ーその後、@kwakasaさんはAppleやLINEを経由してメルカリに入社しています。どのような学びが現在に活きていると思いますか?

LINEでは単なるサービスではなく、いわゆるエコシステムやプラットフォームと呼ばれるような社会の公器になることが一般のお客さまにとってどんな意味を持つのかを学びました。僕の言葉にすると「場をつくる」ということでしょうか。その後、メルカリに転職したのも「場をつくる」ことへの共感が大きかったからなんですよ。

ーメルカリは「新たな価値を生みだす世界的なマーケットプレイスを創る」をミッションに掲げていますが、そこに共感したということ?

それってつまり、メルカリ以外の企業や個人が参加できる場をつくるということでもありますよね。そのミッションを達成するためには、過去にエコシステムやプラットフォームを生み出した先人たちに学ばないといけないし、どんなに過酷でも同じ道を通っていく必要があるんですよ。その1つが基盤の整備なんです。しっかりとした基盤がないと良い場はつくれないので。

ーそれが今回の「RFS」の実践につながるわけですね。でも、なぜこのタイミングだったのでしょうか?

最も大きい理由は、経営陣と合意形成が取れたことです。実は1年くらい前から進太郎さん(メルカリ代表取締役CEO、山田進太郎)に開発スピードについて指摘されていました。クオリティを求めすぎるあまり、デリバリーやリリースが遅れているのではないかと。確かにその側面がなかったわけではないのですが、それ以上に開発基盤に問題があり、スピードを担保できない状況があったんです。

ー開発基盤の問題とは具体的にどういうものですか?

ソフトウェアっていろんな部品を組み合わせて動いていて、それぞれに影響し合っているんです。事実、メルカリの基盤はモジュール数が膨れ上がっていました。しかも、何がどう作用したり依存しているのかすぐにわからない。そのため、そのすべてを確認してからでないとそれぞれのモジュールに触ることができないわけです。

ーその結果、時間が掛かって開発が遅れてしまう?

はい。だから基盤改善への投資強化が必要だと進言して、承認を得られたのが2021年5月でした。そのタイミングで僕がメルカリCTOに就任することが決まったので、陣頭指揮を執ることになったんです。

メルカリがビッグ・テックになるために

ー@kwakasaさんはCTO就任時に「RFS」を推進していくと宣言していましたよね。具体的にどのような役割を担っているのでしょうか?

僕の最大の役割は「RFS」の必要性を社内外に向けて説明していくことだと思っています。何が問題で、何を解決しようとしているのか。その理解が多くの人に浸透することで、エンジニアたちの動きやすさも変わるはずなので。

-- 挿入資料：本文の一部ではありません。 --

(* Let $M$ be the statistical manifold of the beta-logistic distributions $$p(x;\theta^1,\theta^2)=\frac{2^{1-\theta^1}\operatorname{sech}^{\theta^1}(x)\,e^{\theta^2x}}{B\left(\frac{\theta^1-\theta^2}{2},\frac{\theta^1+\theta^2}{2}\right)},\qquad x\in\mathbb{R},\quad (\theta^1,\theta^2)\in\Theta=\{\theta^1\pm\theta^2>0\}.$$ Write $a=\frac{\theta^1-\theta^2}{2}$, $b=\frac{\theta^1+\theta^2}{2}$, $p=\psi'(a)$, $q=\psi'(b)$, $r=\psi'(\theta^1)$, $s=\psi''(a)$, $u=\psi''(b)$, $v=\psi''(\theta^1)$, and set $$\mathcal{G}=pq-r(p+q),\qquad N=rsu-v(qs+pu).$$ Then for every $\alpha\in\mathbb{R}$: (1) the $\alpha$-connection coefficients are $$\Gamma^{(\alpha)}_{111}=\tfrac{1-\alpha}{16}\,(u+s-8v),\qquad \Gamma^{(\alpha)}_{121}=\Gamma^{(\alpha)}_{112}=\Gamma^{(\alpha)}_{211}=\Gamma^{(\alpha)}_{222}=\tfrac{1-\alpha}{16}\,(u-s),$$ $$\Gamma^{(\alpha)}_{122}=\Gamma^{(\alpha)}_{212}=\Gamma^{(\alpha)}_{221}=\tfrac{1-\alpha}{16}\,(u+s);$$ (2) the components $R^{(\alpha)}_{ijkl}$ of the $\alpha$-curvature tensor with $i=j$ or $k=l$ vanish, and $$R^{(\alpha)}_{1212}=R^{(\alpha)}_{2121}=-R^{(\alpha)}_{1221}=-R^{(\alpha)}_{2112}=\frac{(1-\alpha^2)\,N}{16\,\mathcal{G}};$$ (3) the $\alpha$-Ricci curvature components are $$R^{(\alpha)}_{11}=\frac{(1-\alpha^2)(p+q-4r)\,N}{16\,\mathcal{G}^2},\quad R^{(\alpha)}_{12}=R^{(\alpha)}_{21}=-\frac{(1-\alpha^2)(p-q)\,N}{16\,\mathcal{G}^2},\quad R^{(\alpha)}_{22}=\frac{(1-\alpha^2)(p+q)\,N}{16\,\mathcal{G}^2};$$ (4) the $\alpha$-scalar curvature is $R^{(\alpha)}=8R^{(\alpha)}_{1212}/\mathcal{G}$, which equals $2K^{(\alpha)}$ where $K^{(\alpha)}=R^{(\alpha)}_{1212}/\det G$.
   Context: $B$ is the beta function, $\psi=\Gamma'/\Gamma$ the digamma function, $\psi',\psi''$ its first and second derivatives. Let $l=\ln p(x;\theta)$, $\partial_i=\partial/\partial\theta^i$. The Fisher metric is $g_{ij}=\mathbb{E}[\partial_il\,\partial_jl]$, $G=(g_{ij})$, $(g^{ij})=G^{-1}$; $T_{ijk}=\mathbb{E}[\partial_il\,\partial_jl\,\partial_kl]$. The Levi-Civita coefficients are $\Gamma_{ijk}=\frac12(\partial_ig_{jk}+\partial_jg_{ki}-\partial_kg_{ij})$, the $\alpha$-connection coefficients are $\Gamma^{(\alpha)}_{ijk}=\Gamma_{ijk}-\frac{\alpha}{2}T_{ijk}$, and $\Gamma^{(\alpha)k}_{ij}=\Gamma^{(\alpha)}_{ijs}g^{sk}$ (summation convention), defining the connection $\nabla^{(\alpha)}_{\partial_i}\partial_j=\Gamma^{(\alpha)k}_{ij}\partial_k$. The $\alpha$-curvature tensor is $R^{(\alpha)}_{ijkl}=g\big(R^{(\alpha)}(\partial_i,\partial_j)\partial_k,\partial_l\big)$ with $R^{(\alpha)}(X,Y)=\nabla^{(\alpha)}_X\nabla^{(\alpha)}_Y-\nabla^{(\alpha)}_Y\nabla^{(\alpha)}_X-\nabla^{(\alpha)}_{[X,Y]}$ (for this family it equals $\frac{1-\alpha^2}{4}g^{mn}(T_{kmi}T_{jln}-T_{kmj}T_{iln})$). The $\alpha$-Ricci curvature is $R^{(\alpha)}_{ik}=R^{(\alpha)}_{ijkl}g^{jl}$ and the $\alpha$-scalar curvature is $R^{(\alpha)}=R^{(\alpha)}_{ij}g^{ij}$. *)

theory Defs
  imports "HOL-Analysis.Analysis"
begin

実際のところ「開発基盤を整えます」と宣言してもわかりにくいと思うんですよ。これが機能追加だったら「こんな新しい機能が追加されました」と言えばわかるじゃないですか。でも、今回の件については水面下で動いていることなので、何をやっているのかあまりピンとこない人もいるはずです。

ー水道管やガス管のメンテナンスに近いですね。

そうですね。メルカリはおかげさまで月間2,000万人以上のお客さまにご利用いただくまでのサービスになりました。ただ、当然ですが初期段階ではそれほどの規模になることを想定していたわけではないので、システムに限界が近づいているわけです。だから今、このタイミングで基盤を整えなければいけません。サービスが成長していくうえでこれは避けて通れない道でしょう。

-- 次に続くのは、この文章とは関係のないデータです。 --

lemma card_epoch_switches_le:
  assumes l: "l \<in> {1..q}"
  shows "card (epoch_switches l) \<le> K"
proof (cases "epoch_switches l = {}")
  case False
  then obtain t0 where "t0 \<in> epoch_switches l" by blast
  then have "running (Suc (E (l - 1)))"
    using running_downward[of _ "Suc t0"] by (auto simp: epoch_switches_def)
  then have start: "\<not> exhausted (Suc (E (l - 1)))" unfolding running_def by simp
  have "card (epoch_switches l) \<le> card {A. 0 < y l A} - 1"
    unfolding epoch_switches_def
  proof (rule card_switches_within_blocks_le[OF _ running_downward])
    show "finite {A. 0 < y l A}"
      using support[OF l start] by (rule finite_subset) simp
    show "S t \<in> {A. 0 < y l A}" if "E (l - 1) < t" "t \<le> E l" "running t" for t
      using that draws[OF l] unfolding running_def by simp
    show "S t2 = S t1"
      if "E (l - 1) < t1" "t1 < t2" "t2 < t3" "t3 \<le> E l" "running t3" "S t1 = S t3" for t1 t2 t3
      using that blocks[OF l] unfolding running_def by blast
  qed
  with support_card[OF l start] show ?thesis by simp
qed simp

lemma switches_subset:
  "{t \<in> {1..<T}. S t \<noteq> S (Suc t)} \<subseteq> {t. running t \<and> \<not> running (Suc t)} \<union> warmup_switches
     \<union> E ` {0..<q} \<union> (\<Union>l\<in>{1..q}. epoch_switches l)"
proof
  fix t
  assume t: "t \<in> {t \<in> {1..<T}. S t \<noteq> S (Suc t)}"
  consider "\<not> running (Suc t)" | "running (Suc t)" "Suc t \<le> E 0"
    | l where "running (Suc t)" "l \<in> {1..q}" "E (l - 1) \<le> t" "t < E l"
    using ex_interval_containing[of E "Suc t" q] by (force simp: running_def not_le)
  then show "t \<in> {t. running t \<and> \<not> running (Suc t)} \<union> warmup_switches
     \<union> E ` {0..<q} \<union> (\<Union>l\<in>{1..q}. epoch_switches l)"
  proof cases
    case 1
    with t not_running_empty[of t] not_running_empty[of "Suc t"] show ?thesis by force
  next
    case 2
    with t E_0 show ?thesis by (simp add: warmup_switches_def)
  next
    case (3 l)
    then consider "t = E (l - 1)" | "t \<in> epoch_switches l"
      using t by (force simp: epoch_switches_def)
    then show ?thesis
    proof cases
      case 1
      with 3 have "t \<in> E ` {0..<q}" by (force intro: image_eqI[where x = "l - 1"])
      then show ?thesis by blast
    qed (use 3 in blast)
  qed
qed

theorem num_switches_le: "num_switches T S \<le> N + q * (K + 1)"
proof -
  let ?parts = "{t. running t \<and> \<not> running (Suc t)} \<union> warmup_switches
     \<union> E ` {0..<q} \<union> (\<Union>l\<in>{1..q}. epoch_switches l)"
  have "finite ?parts"
    by (rule finite_subset[of _ "{..T} \<union> E ` {0..<q}"])
      (auto simp: warmup_switches_def epoch_switches_def running_def)
  with switches_subset have "num_switches T S \<le> card ?parts"
    unfolding num_switches_def by (rule card_mono[rotated])
  also have "\<dots> \<le> card {t. running t \<and> \<not> running (Suc t)} + card warmup_switches
      + card (E ` {0..<q}) + card (\<Union>l\<in>{1..q}. epoch_switches l)"
    by (meson add_le_mono card_Un_le le_trans order_refl)
  also have "\<dots> \<le> 1 + (N - 1) + q + q * K"
  proof (intro add_le_mono card_warmup_switches_le)
    show "card {t. running t \<and> \<not> running (Suc t)} \<le> 1"
      by (rule card_exits_le_1[OF running_downward])
    show "card (E ` {0..<q}) \<le> q"
      using card_image_le[of "{0..<q}" E] by simp
    have "card (\<Union>l\<in>{1..q}. epoch_switches l) \<le> (\<Sum>l\<in>{1..q}. card (epoch_switches l))"
      by (rule card_UN_le) simp
    also have "\<dots> \<le> (\<Sum>l\<in>{1..q}. K)"
      by (rule sum_mono) (simp add: card_epoch_switches_le)
    finally show "card (\<Union>l\<in>{1..q}. epoch_switches l) \<le> q * K" by simp
  qed
  finally show ?thesis using N_pos by simp
qed

end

とはいえ、これだけの規模の改修をお客さまが使い続けている状態を保ったまま実行するのはすごく大変なこと。これは「RFS」のプロジェクトをリードしている塚さん(@mtsuka)が話していた例えですが、飛行機が飛んでる状態でエンジンを変えるような取り組みなんですよね。

ー聞いているだけで難しそうな…。

ただ、世界的IT企業、いわゆるビッグ・テックと呼ばれる各社もこうした地道な取り組みを当たり前のように実践しています。何より、それができてはじめてビッグ・テックと呼ばれる存在になれるんですよね。そこでは「難しいうえに水面下で目立たない仕事」に取り組むエンジニアが高く評価されますし、それを誇りに思っている人もたくさんいます。メルカリでもそういう文化をきちんと築いていきたいなと。

ー水上を優雅に泳いでいるように見えるけど、水面下では必死に足をかいている?

メルカリもそういうフェーズにきていると思います。華やかに見える面がある一方で、目立たないけれどすごく重要な取り組みもしなければいけない。それが実現できなければ、我々が掲げている壮大なミッションは達成できないだろうし、そのための必須条件だと考えています。

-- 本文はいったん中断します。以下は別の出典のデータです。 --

definition self_adjoint :: "('a::real_inner \<Rightarrow> 'a) \<Rightarrow> bool" where
  "self_adjoint M \<longleftrightarrow> linear M \<and> (\<forall>x y. M x \<bullet> y = x \<bullet> M y)"

definition pos_def :: "('a::real_inner \<Rightarrow> 'a) \<Rightarrow> bool" where
  "pos_def M \<longleftrightarrow> (\<forall>x. x \<noteq> 0 \<longrightarrow> 0 < x \<bullet> M x)"

definition eigvals :: "('a::real_vector \<Rightarrow> 'a) \<Rightarrow> real set" where
  "eigvals M = {l. \<exists>v. v \<noteq> 0 \<and> M v = l *\<^sub>R v}"

definition lambda_max :: "('a::real_vector \<Rightarrow> 'a) \<Rightarrow> real" where
  "lambda_max M = Max (eigvals M)"

definition lambda_min :: "('a::real_vector \<Rightarrow> 'a) \<Rightarrow> real" where
  "lambda_min M = Min (eigvals M)"

definition normM :: "('a::real_inner \<Rightarrow> 'a) \<Rightarrow> 'a \<Rightarrow> real" where
  "normM M z = sqrt (z \<bullet> M z)"

definition distM :: "('a::real_inner \<Rightarrow> 'a) \<Rightarrow> 'a \<Rightarrow> 'a set \<Rightarrow> real" where
  "distM M z D = Inf ((\<lambda>d. normM M (d - z)) ` D)"

text \<open>Resolvent (I + \<sigma> M^{-1} T)^{-1}(z): the w with z \<in> w + \<sigma> M^{-1} T(w),
  i.e. M (z - w) = \<sigma> u for some u \<in> T w.\<close>
definition resolvent :: "real \<Rightarrow> ('a::real_inner \<Rightarrow> 'a) \<Rightarrow> ('a \<Rightarrow> 'a set) \<Rightarrow> 'a \<Rightarrow> 'a" where
  "resolvent \<sigma> M T z = (THE w. \<exists>u \<in> T w. M (z - w) = \<sigma> *\<^sub>R u)"

definition IGPPAstep_out ::
  "('a::real_inner \<Rightarrow> 'a set) \<Rightarrow> 'a \<Rightarrow> 'a \<Rightarrow> real \<Rightarrow> real \<Rightarrow> real \<Rightarrow> real \<Rightarrow> ('a \<Rightarrow> 'a) \<Rightarrow> bool" where
  "IGPPAstep_out T zplus z \<sigma> \<eta> \<delta> \<gamma> M \<longleftrightarrow>
     (\<exists>w. zplus = \<gamma> *\<^sub>R w + (1 - \<gamma>) *\<^sub>R z \<and>
          normM M (w - resolvent \<sigma> M T z) \<le> min \<eta> (\<delta> * normM M (w - z)))"

text \<open>dist(0, T z) = +\<infinity> when T z = {}; then the inequality is vacuous.\<close>
definition subreg_const :: "('a::euclidean_space \<Rightarrow> 'a set) \<Rightarrow> real \<Rightarrow> real \<Rightarrow> bool" where
  "subreg_const T r \<kappa> \<longleftrightarrow> 0 < \<kappa> \<and>
     (\<forall>z. norm z \<le> r \<longrightarrow> T z \<noteq> {} \<longrightarrow> infdist z (zeros T) \<le> \<kappa> * infdist 0 (T z))"

definition bounded_metric_subregular :: "('a::euclidean_space \<Rightarrow> 'a set) \<Rightarrow> bool" where
  "bounded_metric_subregular T \<longleftrightarrow> (\<forall>r>0. \<exists>\<kappa>. subreg_const T r \<kappa>)"

end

ーメルカリはよく完成されたサービスのように思われることも多いですが、実は課題も多いのが実情ですよね

メルカリは大きなサービスになりましたが、さらに大規模なサービスになっていくための準備が整っているとは言えません。まだまだ成長していく可能性を秘めているし、そのためには解決しなければいけない課題も山ほどあります。なかでも今取り組んでいる「RFS」は、技術的観点でメルカリがスタートアップ企業から脱皮するターニングポイントになると思います。

そして、今回の機会を逃したら二度とチャンスが来ないくらい面白く、そして難易度の高い取り組みです。大きい規模の会社になると巨大なプロジェクトの一部を任されて終わることがほとんどですが、今のメルカリの規模であれば全体を見渡しながらプロジェクトに携わることもできます。こうした経験は非常に稀有だし、間違いなくエンジニアとして大きく成長できる機会になるはず。我こそはという方がいれば、この険しい山をぜひ一緒に登りましょう。

おわりに

この記事を通して、メルカリが取り組む「Robust Foundation for Speed」プロジェクトに携わるキーパーソンの思いが伝われば幸いです。そして現在、この大規模な取り組みを一緒に成功させるための仲間を募集しています。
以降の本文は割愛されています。